The identification of molecules that can modulate RNA or protein function and the subsequent chemical and structural optimization to refine such molecules into drugs is a key activity in drug discovery. Here, we explored the extent to which chemical and structural differences in antisense oligonucleotides, designed as gapmers and capable of recruiting RNase H for target RNA cleavage, can affect their functional properties. To facilitate structure-activity learning, we analyzed two sets of iso-sequential locked nucleic acid (LNA)-modified gapmers, where we systematically varied the number and positions of LNA modifications in the flanks. In total, we evaluated 768 different and architecturally diverse gapmers in HeLa cells for target knockdown activity and cytotoxic potential and found widespread differences in both of these properties.
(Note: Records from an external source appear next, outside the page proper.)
lemma AE_path_eval_balls_null:
  assumes "countable D"
  shows "AE \<omega> in M. \<forall>q\<in>\<rat> \<inter> {0..T}. \<forall>c\<in>D. \<forall>k. q \<le> \<tau> \<omega> \<and> 2 / real (Suc k) \<le> dist (S q \<omega>) c \<longrightarrow>
    measure (Q \<omega>) (path_eval_ball T Dom q c (1 / real (Suc k))) = 0"
proof -
  have "AE \<omega> in M. q \<le> \<tau> \<omega> \<and> 2 / real (Suc k) \<le> dist (S q \<omega>) c \<longrightarrow>
      measure (Q \<omega>) (path_eval_ball T Dom q c (1 / real (Suc k))) = 0"
    if q: "q \<in> {0..T}" for q c k
  proof -
    define A where "A = {\<omega>\<in>space M. 2 / real (Suc k) \<le> dist (S q \<omega>) c \<and> q \<le> \<tau> \<omega>}"
    have [measurable]: "(\<lambda>\<omega>. S q \<omega>) \<in> borel_measurable (F q)"
      using adapted q by blast
    have "{\<omega>\<in>space (F q). 2 / real (Suc k) \<le> dist (S q \<omega>) c} \<in> sets (F q)"
      by measurable
    then have "{\<omega> \<in> {\<omega>\<in>space M. 2 / real (Suc k) \<le> dist (S q \<omega>) c}. q \<le> \<tau> \<omega>} \<in> sets (pre_sigma \<tau>)"
      unfolding space_F by (rule sets_pre_sigma_ge_const[OF stopping])
    also have "{\<omega> \<in> {\<omega>\<in>space M. 2 / real (Suc k) \<le> dist (S q \<omega>) c}. q \<le> \<tau> \<omega>} = A"
      by (auto simp: A_def)
    finally have "A \<in> sets (pre_sigma \<tau>)" .
    moreover have "{\<omega>\<in>A. path_of T S \<omega> \<in> path_eval_ball T Dom q c (1 / real (Suc k))} = {}"
      using q divide_right_mono[of 1 2 "real (Suc k)"]
      by (fastforce simp: A_def path_eval_ball_def path_of_def)
    then have "measure M {\<omega>\<in>A. path_of T S \<omega> \<in> path_eval_ball T Dom q c (1 / real (Suc k))} = 0"
      by (metis measure_empty)
    ultimately have "AE \<omega> in M. \<omega> \<in> A \<longrightarrow> measure (Q \<omega>) (path_eval_ball T Dom q c (1 / real (Suc k))) = 0"
      using q by (intro regular_cond_dist_AE_zero[OF subalgebra_pre_sigma_\<tau> regular path_measurable]
          openin_imp_sets_borel_of_top openin_path_eval_ball) auto
    then show ?thesis
      using AE_space by eventually_elim (auto simp: A_def)
  qed
  then show ?thesis
    using assms by (simp add: AE_ball_countable AE_all_countable countable_rat)
qed

lemma AE_supp_subset_agreeing_paths:
  "AE \<omega> in M. supp_of (mtopology_of (path_space T Dom)) (Q \<omega>) \<subseteq> agreeing_paths (\<tau> \<omega>) \<omega>"
proof -
  obtain D :: "'b set" where "countable D" and D: "\<And>X. open X \<Longrightarrow> X \<noteq> {} \<Longrightarrow> \<exists>d\<in>D. d \<in> X"
    using countable_dense_setE by blast
  have dense: "\<exists>d\<in>D. dist y d < e" if "0 < e" for y and e :: real
    using D[of "ball y e"] that by (auto simp: dist_commute)
  show ?thesis
    using AE_path_eval_balls_null[OF \<open>countable D\<close>] AE_space
  proof eventually_elim
    case (elim \<omega>)
    then show ?case
      using paths \<tau>_range finite_measure_Q[of \<omega>]
      by (intro supp_of_subset_agreeing[OF _ _ _ _ dense, where x = "\<lambda>t. S t \<omega>"]) auto
  qed
qed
Binding affinity between gapmer and RNA target, as well as the presence of certain short sequence motifs in the gap region, can explain these differences, and we propose statistical and machine-learning models that can be used to predict region-specific, optimal LNA-modification architectures. Once accessible regions in the target of interest have been identified, our results show how to refine and optimize LNA gapmers with improved pharmacological profiles targeting such regions.
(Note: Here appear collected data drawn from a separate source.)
lemma norm_convex_comb_quarter_turn_lt_1:
  assumes "0 < t" "t < 1" "\<sigma> \<in> {\<i>, -\<i>}"
  shows "norm (\<sigma> * of_real (1 - t) - of_real t) < 1"
proof -
  have "norm (\<sigma> * of_real (1 - t) - of_real t) = sqrt (t\<^sup>2 + (1 - t)\<^sup>2)"
    using assms(3) by (auto simp: cmod_def power2_commute)
  also have "\<dots> < 1"
    using assms(1,2) by (simp add: power2_eq_square algebra_simps)
  finally show ?thesis .
qed

locale square_nested_fractal =
  fixes L :: real and N :: nat and \<nu> :: "nat \<Rightarrow> complex" and K :: "complex set"
    and c \<rho> :: complex
  assumes fractal: "simple_nested_fractal L N \<nu> K"
    and vertices: "ess_fixpts L N \<nu> = (\<lambda>w. c + \<rho> * w) ` fourth_roots"
    and rho_nonzero: "\<rho> \<noteq> 0"
begin

abbreviation "V \<equiv> ess_fixpts L N \<nu>"

lemmas L_gt_1 = simple_nested_fractalD(1)[OF fractal]

lemma of_real_L_nonzero: "(of_real L :: complex) \<noteq> 0"
  using L_gt_1 by simp

lemma fixing_map_of_vertex:
  assumes "w \<in> fourth_roots"
  obtains m where "m \<in> {1..N}" "\<nu> m = (c + \<rho> * w) - (c + \<rho> * w) / of_real L"
proof -
  have "c + \<rho> * w \<in> V" using assms vertices by blast
  then obtain m where "m \<in> {1..N}" "psi L \<nu> m (c + \<rho> * w) = c + \<rho> * w"
    unfolding ess_fixpts_def fixpts_def by blast
  with L_gt_1 show ?thesis using that by (simp add: psi_fixed_iff)
qed

text \<open>Suppose \<open>\<psi>\<^sub>a p = \<psi>\<^sub>b q\<close> for adjacent vertices \<open>p\<close>, \<open>q\<close>. Let \<open>p'\<close>, \<open>q'\<close> be the vertices opposite
  to \<open>q\<close>, \<open>p\<close>, and \<open>m\<^sub>p\<close>, \<open>m\<^sub>q\<close> the maps fixing \<open>p\<close>, \<open>q\<close>. Then the point
  \<open>\<psi>\<^sub>a \<psi>\<^sub>m\<^sub>p p' = \<psi>\<^sub>b \<psi>\<^sub>m\<^sub>q q'\<close> lies in both 1-cells, but \<open>\<psi>\<^sub>m\<^sub>p p'\<close> lies strictly inside the
  square \<open>V\<close>, so it is not a vertex, contradicting nesting.\<close>
lemma no_adjacent_contact:
  assumes ab: "a \<in> {1..N}" "b \<in> {1..N}" "a \<noteq> b"
    and w: "w \<in> fourth_roots" and \<sigma>: "\<sigma> \<in> {\<i>, -\<i>}"
  shows "psi L \<nu> a (c + \<rho> * (\<sigma> * w)) \<noteq> psi L \<nu> b (c + \<rho> * w)"
proof
  assume contact: "psi L \<nu> a (c + \<rho> * (\<sigma> * w)) = psi L \<nu> b (c + \<rho> * w)"
  define p q p' q' where "p = c + \<rho> * (\<sigma> * w)" and "q = c + \<rho> * w"
    and "p' = c + \<rho> * (- w)" and "q' = c + \<rho> * (- (\<sigma> * w))"
  have roots: "\<sigma> * w \<in> fourth_roots" "- w \<in> fourth_roots" "- (\<sigma> * w) \<in> fourth_roots"
    using w \<sigma> by (auto simp: fourth_roots_def)
  obtain mp where mp: "mp \<in> {1..N}" "\<nu> mp = p - p / of_real L"
    using fixing_map_of_vertex[OF roots(1)] unfolding p_def by blast
  obtain mq where mq: "mq \<in> {1..N}" "\<nu> mq = q - q / of_real L"
    using fixing_map_of_vertex[OF w] unfolding q_def by blast
  define y where "y = psi L \<nu> mp p'"
  have "p' \<in> K" "q' \<in> K"
    using roots ess_fixpts_subset[OF fractal] vertices unfolding p'_def q'_def by blast+
  then have "y \<in> K" "psi L \<nu> mq q' \<in> K"
    using simple_nested_fractalD(6)[OF fractal] mp(1) mq(1) unfolding y_def by blast+
  moreover have "psi L \<nu> a y = psi L \<nu> b (psi L \<nu> mq q')"
  proof -
    have "\<rho> * (\<sigma> * w) + of_real L * \<nu> a = \<rho> * w + of_real L * \<nu> b"
      using contact of_real_L_nonzero unfolding psi_def by (simp add: field_simps)
    then have "of_real L * of_real L * (\<rho> * (\<sigma> * w) + of_real L * \<nu> a) =
        of_real L * of_real L * (\<rho> * w + of_real L * \<nu> b)"
      by simp
    then show ?thesis
      using of_real_L_nonzero
      unfolding y_def psi_def mp(2) mq(2) p_def q_def p'_def q'_def
      by (simp add: field_simps)
  qed
  ultimately have "psi L \<nu> a y \<in> psi L \<nu> a ` V"
    using simple_nested_fractalD(7)[OF fractal ab] by blast
  then have "y \<in> V"
    using L_gt_1 by auto
  then obtain w' where w': "w' \<in> fourth_roots" "y = c + \<rho> * w'"
    using vertices by blast
  have "y - c = \<rho> * (w * (\<sigma> * of_real (1 - 1 / L) - of_real (1 / L)))"
    using of_real_L_nonzero unfolding y_def psi_def mp(2) p_def p'_def
    by (simp add: field_simps)
  then have "w' = w * (\<sigma> * of_real (1 - 1 / L) - of_real (1 / L))"
    using w'(2) rho_nonzero by simp
  then have "norm w' = norm w * norm (\<sigma> * of_real (1 - 1 / L) - of_real (1 / L))"
    by (simp add: norm_mult)
  moreover have "norm (\<sigma> * of_real (1 - 1 / L) - of_real (1 / L)) < 1"
    using L_gt_1 \<sigma> by (intro norm_convex_comb_quarter_turn_lt_1) auto
  ultimately show False
    using norm_fourth_roots w w'(1) by simp
qed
鉴定可调节RNA或蛋白质功能的分子以及随后的化学和结构优化，以将此类分子精炼成药物，这是药物发现中的关键活动。在这里，我们探讨了反义寡核苷酸的化学和结构差异（被设计为gapmers并能够募集RNase H进行靶RNA切割）在多大程度上影响其功能特性。为促进结构活性学习，我们分析了两组等序锁定核酸（LNA）修饰的间隔体，在其中我们系统地改变了侧面LNA修饰的数量和位置。总体而言，我们评估了HeLa细胞中768种不同的和结构上不同的缺口聚体，其靶标敲除活性和细胞毒性潜力均存在，并且发现这两种特性存在广泛差异。gapmer与RNA靶标之间的结合亲和力以及间隙区域中某些短序列基序的存在可以解释这些差异，我们提出了统计和机器学习模型，可用于预测区域特异性的最佳LNA-修改架构。一旦确定了目标靶标中的可及区域，我们的结果就会显示出如何以针对此类区域的改进药理学特征来优化和优化LNA缺口聚体。